*** TASK INPUTS Section Begins ***

(* Let $V=(\mathbb F_2)^n$ with $n=bs$, decomposed into bricks $V=V_1\oplus\cdots\oplus V_b$, $\dim V_j=s$. Let $r\ge2$ and $\rho_1,\dots,\rho_r\in\mathrm{Sym}(V)$, and let $\Phi$ be the $r$-round Feistel network whose $i$-th round applies the Feistel operator $\bar\rho_i$. Assume that for every $1\le i\le r$, $0\rho_i=0$ and $\rho_i=\gamma_i\lambda_i$, where \begin{enumerate} \item[a)] $\gamma_i$ is a parallel map whose S-boxes are weakly $2^\delta$-uniform and strongly $\delta$-anti-invariant, for some $\delta<s$; \item[b)] $\lambda_i$ is a linear strongly proper diffusion layer. \end{enumerate} Suppose there exists a sequence of $r+1$ non-trivial linear partitions $\mathcal L(\mathcal U_1),\dots,\mathcal L(\mathcal U_{r+1})$ of $V\times V$, where each $\mathcal U_i$ is a proper non-trivial subgroup of $V\times V$ and $\mathcal L(\mathcal U_i)\bar\rho_i=\mathcal L(\mathcal U_{i+1})$ for all $1\le i\le r$. For each $i$ let $A_i=\{a\in V\mid (a,c)\in\mathcal U_i\text{ for some }c\in V\}$ and $D_i=\{d\in V\mid (0,d)\in\mathcal U_i\}$. Then none of the following conditions holds: \begin{enumerate} \item there exists $1\le i\le r-1$ such that $\mathcal L(\mathcal U_{i+1})\bar\rho_{i+1}=\mathcal L(\mathcal U_i)$; \item there exists $1\le i\le r-1$ such that $\mathcal U_i=A_i\times D_i$, $\mathcal U_{i+1}=A_{i+1}\times D_{i+1}$ and $\mathcal U_{i+2}=A_{i+2}\times D_{i+2}$; \item there exists $1\le i\le r$ such that $D_i=\{0\}$ and $D_{i+1}=\{0\}$; \item there exists $1\le i\le r$ such that $A_i=\{0\}$ and $A_{i+1}=\{0\}$. \end{enumerate}
   Context: Maps act on the right and are composed left to right ($\gamma\lambda$ means first $\gamma$, then $\lambda$); $+$ is bitwise XOR. The Feistel operator induced by $\rho\in\mathrm{Sym}(V)$ is $\bar\rho:V\times V\to V\times V$, $(x_1,x_2)\bar\rho=(x_2,\ x_1+x_2\rho)$. A wall is a subspace $\bigoplus_{j\in I}V_j$ with $\emptyset\ne I\subsetneq\{1,\dots,b\}$. A parallel map is $\gamma\in\mathrm{Sym}(V)$ acting brickwise, $\gamma=(\gamma^{(1)},\dots,\gamma^{(b)})$ with $\gamma^{(j)}\in\mathrm{Sym}(V_j)$ (its S-boxes, viewed as permutations of $(\mathbb F_2)^s$). A linear $\lambda\in\mathrm{GL}(V)$ is a strongly proper diffusion layer if there are no walls $W,W'$ with $W\lambda=W'$. A map $f\in\mathrm{Sym}((\mathbb F_2)^s)$ is weakly $d$-uniform if for each $a\ne0$, $|\{xf+(x+a)f\mid x\in(\mathbb F_2)^s\}|>2^{s-1}/d$. For $1\le\epsilon<s$, $f$ with $0f=0$ is strongly $\epsilon$-anti-invariant if for all proper non-trivial subspaces $U,W$ of $(\mathbb F_2)^s$, $Uf=W$ implies $\dim U=\dim W<s-\epsilon$. For a subgroup $\mathcal U$ of $V\times V$, $\mathcal L(\mathcal U)=\{\mathcal U+v\mid v\in V\times V\}$ (non-trivial if neither the partition into singletons nor $\{V\times V\}$), and $\mathcal A f=\{Af\mid A\in\mathcal A\}$ for a partition $\mathcal A$. *)

theory Defs
  imports "HOL-Analysis.Analysis" "HOL-Library.Z2"
begin

text \<open>The space V = (F_2)^n with n = b*s is modelled as (bit^'s)^'b: the b bricks V_j
  are the components indexed by 'b, each brick is (F_2)^s = bit^'s.
  Maps act on the right; the composition "first gamma, then lambda" is lambda o gamma.\<close>

type_synonym ('s,'b) blockvec = "bit ^ 's ^ 'b"

definition feistel :: "('v::plus \<Rightarrow> 'v) \<Rightarrow> 'v \<times> 'v \<Rightarrow> 'v \<times> 'v" where
  "feistel \<rho> = (\<lambda>(x1, x2). (x2, x1 + \<rho> x2))"

definition wall :: "'b::finite set \<Rightarrow> ('a::zero ^ 'b) set" where
  "wall I = {x. \<forall>j. j \<notin> I \<longrightarrow> x $ j = 0}"

definition is_wall :: "('a::zero ^ 'b::finite) set \<Rightarrow> bool" where
  "is_wall W \<longleftrightarrow> (\<exists>I. I \<noteq> {} \<and> I \<noteq> UNIV \<and> W = wall I)"

definition parallel_with :: "('b::finite \<Rightarrow> 'c \<Rightarrow> 'c) \<Rightarrow> ('c ^ 'b \<Rightarrow> 'c ^ 'b) \<Rightarrow> bool" where
  "parallel_with f \<gamma> \<longleftrightarrow> bij \<gamma> \<and> (\<forall>j. bij (f j)) \<and> (\<forall>x. \<gamma> x = (\<chi> j. f j (x $ j)))"

definition scaleV :: "bit \<Rightarrow> bit ^ 's::finite ^ 'b::finite \<Rightarrow> bit ^ 's ^ 'b" where
  "scaleV c x = (\<chi> j. c *s (x $ j))"

definition strongly_proper_diffusion :: "(bit ^ 's::finite ^ 'b::finite \<Rightarrow> bit ^ 's ^ 'b) \<Rightarrow> bool" where
  "strongly_proper_diffusion L \<longleftrightarrow>
     Vector_Spaces.linear scaleV scaleV L \<and> bij L \<and>
     \<not> (\<exists>W W'. is_wall W \<and> is_wall W' \<and> L ` W = W')"

definition weakly_uniform :: "real \<Rightarrow> (bit ^ 's::finite \<Rightarrow> bit ^ 's) \<Rightarrow> bool" where
  "weakly_uniform d f \<longleftrightarrow>
     (\<forall>a. a \<noteq> 0 \<longrightarrow>
        real (card {f x + f (x + a) | x. True}) > 2 ^ (CARD('s) - 1) / d)"

definition strongly_anti_invariant :: "nat \<Rightarrow> (bit ^ 's::finite \<Rightarrow> bit ^ 's) \<Rightarrow> bool" where
  "strongly_anti_invariant \<epsilon> f \<longleftrightarrow>
     f 0 = 0 \<and>
     (\<forall>U W. vec.subspace U \<and> U \<noteq> {0} \<and> U \<noteq> UNIV \<and>
            vec.subspace W \<and> W \<noteq> {0} \<and> W \<noteq> UNIV \<and> f ` U = W \<longrightarrow>
            vec.dim U = vec.dim W \<and> vec.dim W < CARD('s) - \<epsilon>)"

definition is_subgroup :: "'a::ab_group_add set \<Rightarrow> bool" where
  "is_subgroup U \<longleftrightarrow> 0 \<in> U \<and> (\<forall>x\<in>U. \<forall>y\<in>U. x + y \<in> U) \<and> (\<forall>x\<in>U. - x \<in> U)"

definition lin_partition :: "'a::plus set \<Rightarrow> 'a set set" where
  "lin_partition U = {(\<lambda>u. u + v) ` U | v. True}"

definition nontrivial_partition :: "'a set set \<Rightarrow> bool" where
  "nontrivial_partition P \<longleftrightarrow> P \<noteq> {{x} | x. True} \<and> P \<noteq> {UNIV}"

definition part_image :: "'a set set \<Rightarrow> ('a \<Rightarrow> 'b) \<Rightarrow> 'b set set" where
  "part_image P f = (\<lambda>A. f ` A) ` P"

definition first_proj :: "('v \<times> 'v) set \<Rightarrow> 'v set" where
  "first_proj U = {a. \<exists>c. (a, c) \<in> U}"

definition zero_fibre :: "('v::zero \<times> 'v) set \<Rightarrow> 'v set" where
  "zero_fibre U = {d. (0, d) \<in> U}"

end

theory Submission
  imports Defs
begin

(* If the Feistel operator of rho maps the cosets of U onto those of U', comparing the images of U
   and of U + (0, x) shows that each derivative rho (c + x) + rho x + rho c, for c a second
   coordinate of an element of U, lies in B = {b | (b, 0) in U}.  Weak uniformity lets the
   derivative of every S-box activated by c take more than 2^(s-1-delta) values in its brick, and
   strong anti-invariance then forces the whole brick into any subgroup that the S-box layer maps
   onto a subgroup containing these derivatives.  So no derivative of rho vanishes identically;
   as B is the zero fibre of U', this excludes 3).  In a two-round cycle rho maps the fibre
   D = {d | (0, d) in U} onto B and back, so both are walls and lambda maps one onto the other,
   which strong properness excludes; this gives 1).  Three consecutive products A x D force
   U_(i+2) = U_i, a cycle, giving 2); under 4) both projections of U_i vanish. *)

section \<open>Vectors over F_2\<close>

instance bit :: finite
proof
  have "UNIV = {0 :: bit, 1}"
    using bit_not_zero_iff by blast
  then show "finite (UNIV :: bit set)"
    by (metis finite.emptyI finite.insertI)
qed

lemma bit_vec_vec_diff_eq_add: "(x :: bit ^ 'n ^ 'm) - y = x + y"
  by (simp add: vec_eq_iff)

lemma bit_vec_exists_nonzero: "\<exists>x :: bit ^ 'n. x \<noteq> 0"
  by (rule exI[of _ "\<chi> i. 1"]) (simp add: vec_eq_iff)

lemma card_span_le:
  fixes B :: "(bit ^ 'n) set"
  assumes "finite B"
  shows "card (vec.span B) \<le> 2 ^ card B"
  using assms
proof (induction B rule: finite_induct)
  case empty
  then show ?case by simp
next
  case (insert b B)
  have "vec.span (insert b B) \<subseteq> vec.span B \<union> (\<lambda>x. x + b) ` vec.span B"
  proof
    fix x assume "x \<in> vec.span (insert b B)"
    then obtain k :: bit where k: "x - k *s b \<in> vec.span B"
      by (auto simp: vec.span_insert)
    show "x \<in> vec.span B \<union> (\<lambda>x. x + b) ` vec.span B"
    proof (cases "k = 0")
      case True
      then show ?thesis using k by simp
    next
      case False
      then have "x = (x - k *s b) + b"
        by (simp add: vec_eq_iff)
      then show ?thesis using k by blast
    qed
  qed
  then have "card (vec.span (insert b B)) \<le> card (vec.span B) + card ((\<lambda>x. x + b) ` vec.span B)"
    by (meson card_Un_le card_mono finite le_trans)
  also have "\<dots> \<le> 2 * card (vec.span B)"
    using card_image_le[of "vec.span B" "\<lambda>x. x + b"] by simp
  also have "\<dots> \<le> 2 ^ card (insert b B)"
    using insert.IH insert.hyps by simp
  finally show ?case .
qed

lemma card_subspace_le:
  fixes W :: "(bit ^ 'n) set"
  assumes "vec.subspace W"
  shows "card W \<le> 2 ^ vec.dim W"
proof -
  obtain B where B: "W \<subseteq> vec.span B" "card B = vec.dim W"
    using vec.basis_exists by blast
  have "card W \<le> card (vec.span B)"
    using B(1) by (rule card_mono[rotated]) simp
  also have "\<dots> \<le> 2 ^ card B"
    by (rule card_span_le) simp
  finally show ?thesis
    using B(2) by simp
qed

section \<open>Subgroups, linear partitions and Feistel operators\<close>

lemma is_subgroup_zero: "is_subgroup U \<Longrightarrow> 0 \<in> U"
  by (simp add: is_subgroup_def)

lemma is_subgroup_add: "is_subgroup U \<Longrightarrow> x \<in> U \<Longrightarrow> y \<in> U \<Longrightarrow> x + y \<in> U"
  by (simp add: is_subgroup_def)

*** TASK INPUTS Section Ends ***

#### WORK REQUIRED:
Write out again exactly the lines that run from the one holding "section \<open>Subgroups, linear" through the last line of the data; omit all other lines.

#### RESULT BELOW:
section \<open>Subgroups, linear partitions and Feistel operators\<close>

lemma is_subgroup_zero: "is_subgroup U \<Longrightarrow> 0 \<in> U"
  by (simp add: is_subgroup_def)

lemma is_subgroup_add: "is_subgroup U \<Longrightarrow> x \<in> U \<Longrightarrow> y \<in> U \<Longrightarrow> x + y \<in> U"
  by (simp add: is_subgroup_def)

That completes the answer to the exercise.